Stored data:
lemma traj_last_state:
  assumes "\<omega> \<in> set_pmf (traj p \<alpha> \<beta> n)"
  shows "fst \<omega> \<noteq> [] \<and> last (fst \<omega>) = current_state \<alpha> \<beta> n (hd (fst \<omega>)) (snd \<omega>)"
  using assms
proof (induction n arbitrary: \<omega>)
  case 0
  then show ?case by (auto simp: current_state_def ab_state_def)
next
  case (Suc n)
  then obtain xs qs x' q' where
    prefix: "(xs, qs) \<in> set_pmf (traj p \<alpha> \<beta> n)" and
    query: "q' \<in> set_pmf (scheme_pmf \<alpha> \<beta> (Suc n) (hd xs) x' (last (QAB # qs)))" and
    \<omega>: "\<omega> = (xs @ [x'], qs @ [q'])"
    by (auto split: prod.splits)
  have "q' = QAB \<longrightarrow> x' = ab_state \<alpha> \<beta> (Suc n) (hd xs)" "q' \<noteq> QAB \<longrightarrow> q' = qry_of x'"
    using query set_pmf_mix_subset[of _ QA QAB] set_pmf_mix_subset[of _ QB QAB]
    by (cases "hd xs"; cases x';
        auto simp: scheme_pmf_def ab_state_def qry_of_def split: if_splits)+
  moreover have "st_of_qry (qry_of x) = x" for x
    by (cases x) (auto simp: qry_of_def)
  ultimately show ?case
    using Suc.IH[OF prefix] \<omega> by (auto simp: current_state_def)
qed

lemma finite_set_pmf_traj: "finite (set_pmf (traj p \<alpha> \<beta> n))"
  by (induction n) (auto simp: set_bind_pmf split: prod.splits)

lemma traj_Suc_query_law:
  assumes "0 \<le> \<alpha>" "\<alpha> \<le> 1" "0 \<le> \<beta>" "\<beta> \<le> 1"
  shows "map_pmf (\<lambda>\<omega>. ((X0_rv \<omega>, Qpast_rv \<omega>), Qlast_rv \<omega>)) (traj p \<alpha> \<beta> (Suc n)) =
    bind_pmf (map_pmf (\<lambda>\<omega>. (hd (fst \<omega>), snd \<omega>)) (traj p \<alpha> \<beta> n))
      (\<lambda>a. map_pmf (Pair a) (query_kernel \<alpha> \<beta> n A (snd a)))"
  unfolding traj.simps map_bind_pmf bind_map_pmf
proof (rule bind_pmf_cong[OF refl], clarify, unfold prod.sel)
  fix xs qs assume "(xs, qs) \<in> set_pmf (traj p \<alpha> \<beta> n)"
  then have "xs \<noteq> []" and last_xs: "last xs = current_state \<alpha> \<beta> n (hd xs) qs"
    using traj_last_state by fastforce+
  then have "map_pmf (\<lambda>\<omega>. ((X0_rv \<omega>, Qpast_rv \<omega>), Qlast_rv \<omega>))
      (trans_pmf \<alpha> \<beta> (last xs) \<bind> (\<lambda>x'. map_pmf (\<lambda>q'. (xs @ [x'], qs @ [q']))
         (scheme_pmf \<alpha> \<beta> (Suc n) (hd xs) x' (last (QAB # qs)))))
    = map_pmf (Pair (hd xs, qs)) (query_kernel \<alpha> \<beta> n (hd xs) qs)" (is "?lhs = _")
    unfolding last_xs query_kernel_def
    by (simp add: map_bind_pmf map_pmf_comp X0_rv_def Qpast_rv_def Qlast_rv_def)
  also have "query_kernel \<alpha> \<beta> n (hd xs) qs = query_kernel \<alpha> \<beta> n A qs"
    using query_kernel_indep_initial[OF assms] by (cases "hd xs") auto
  finally show "?lhs = map_pmf (Pair (hd xs, qs)) (query_kernel \<alpha> \<beta> n A qs)" .
qed

lemma surj_trajectory_rvs: "surj X0_rv" "surj Qlast_rv" "surj Qpast_rv"
proof -
  show "surj X0_rv" by (rule surjI[of _ "\<lambda>x. ([x], [])"]) (simp add: X0_rv_def)
  show "surj Qlast_rv" by (rule surjI[of _ "\<lambda>q. ([], [q])"]) (simp add: Qlast_rv_def)
  show "surj Qpast_rv" by (rule surjI[of _ "\<lambda>qs. ([], qs @ [QA])"]) (simp add: Qpast_rv_def)
qed

theorem claim2:
  fixes \<alpha> \<beta> p :: real and t :: nat
  assumes "0 \<le> \<alpha>" "\<alpha> \<le> 1" "0 \<le> \<beta>" "\<beta> \<le> 1"
    and "\<exists>\<pi> :: int \<Rightarrow> real. \<pi> 0 = p
           \<and> (\<forall>s. \<pi> (s + 1) = \<pi> s * (1 - \<alpha>) + (1 - \<pi> s) * \<beta>)
           \<and> (\<forall>s. 0 < \<pi> s \<and> \<pi> s < 1)"
    and "1 \<le> t"
  shows "prob_space.conditional_mutual_information (measure_pmf (traj p \<alpha> \<beta> t)) 2
           (count_space (X0_rv ` space (measure_pmf (traj p \<alpha> \<beta> t))))
           (count_space (Qlast_rv ` space (measure_pmf (traj p \<alpha> \<beta> t))))
           (count_space (Qpast_rv ` space (measure_pmf (traj p \<alpha> \<beta> t))))
           X0_rv Qlast_rv Qpast_rv = 0"
proof -
  obtain n where t: "t = Suc n"
    using \<open>1 \<le> t\<close> by (cases t) auto
  have "prob_space.conditional_mutual_information (measure_pmf (traj p \<alpha> \<beta> (Suc n))) 2
      (count_space UNIV) (count_space UNIV) (count_space UNIV) X0_rv Qlast_rv Qpast_rv = 0"
    by (rule conditional_mutual_information_pmf_eq_0[OF _ finite_set_pmf_traj
          traj_Suc_query_law[OF assms(1-4)]]) simp
  then show ?thesis
    by (simp add: t surj_trajectory_rvs)
qed

end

Aim of the task:
An exact number is called for here: how many lines across the records contain the word "where". Nothing else belongs in the answer.

Result:
2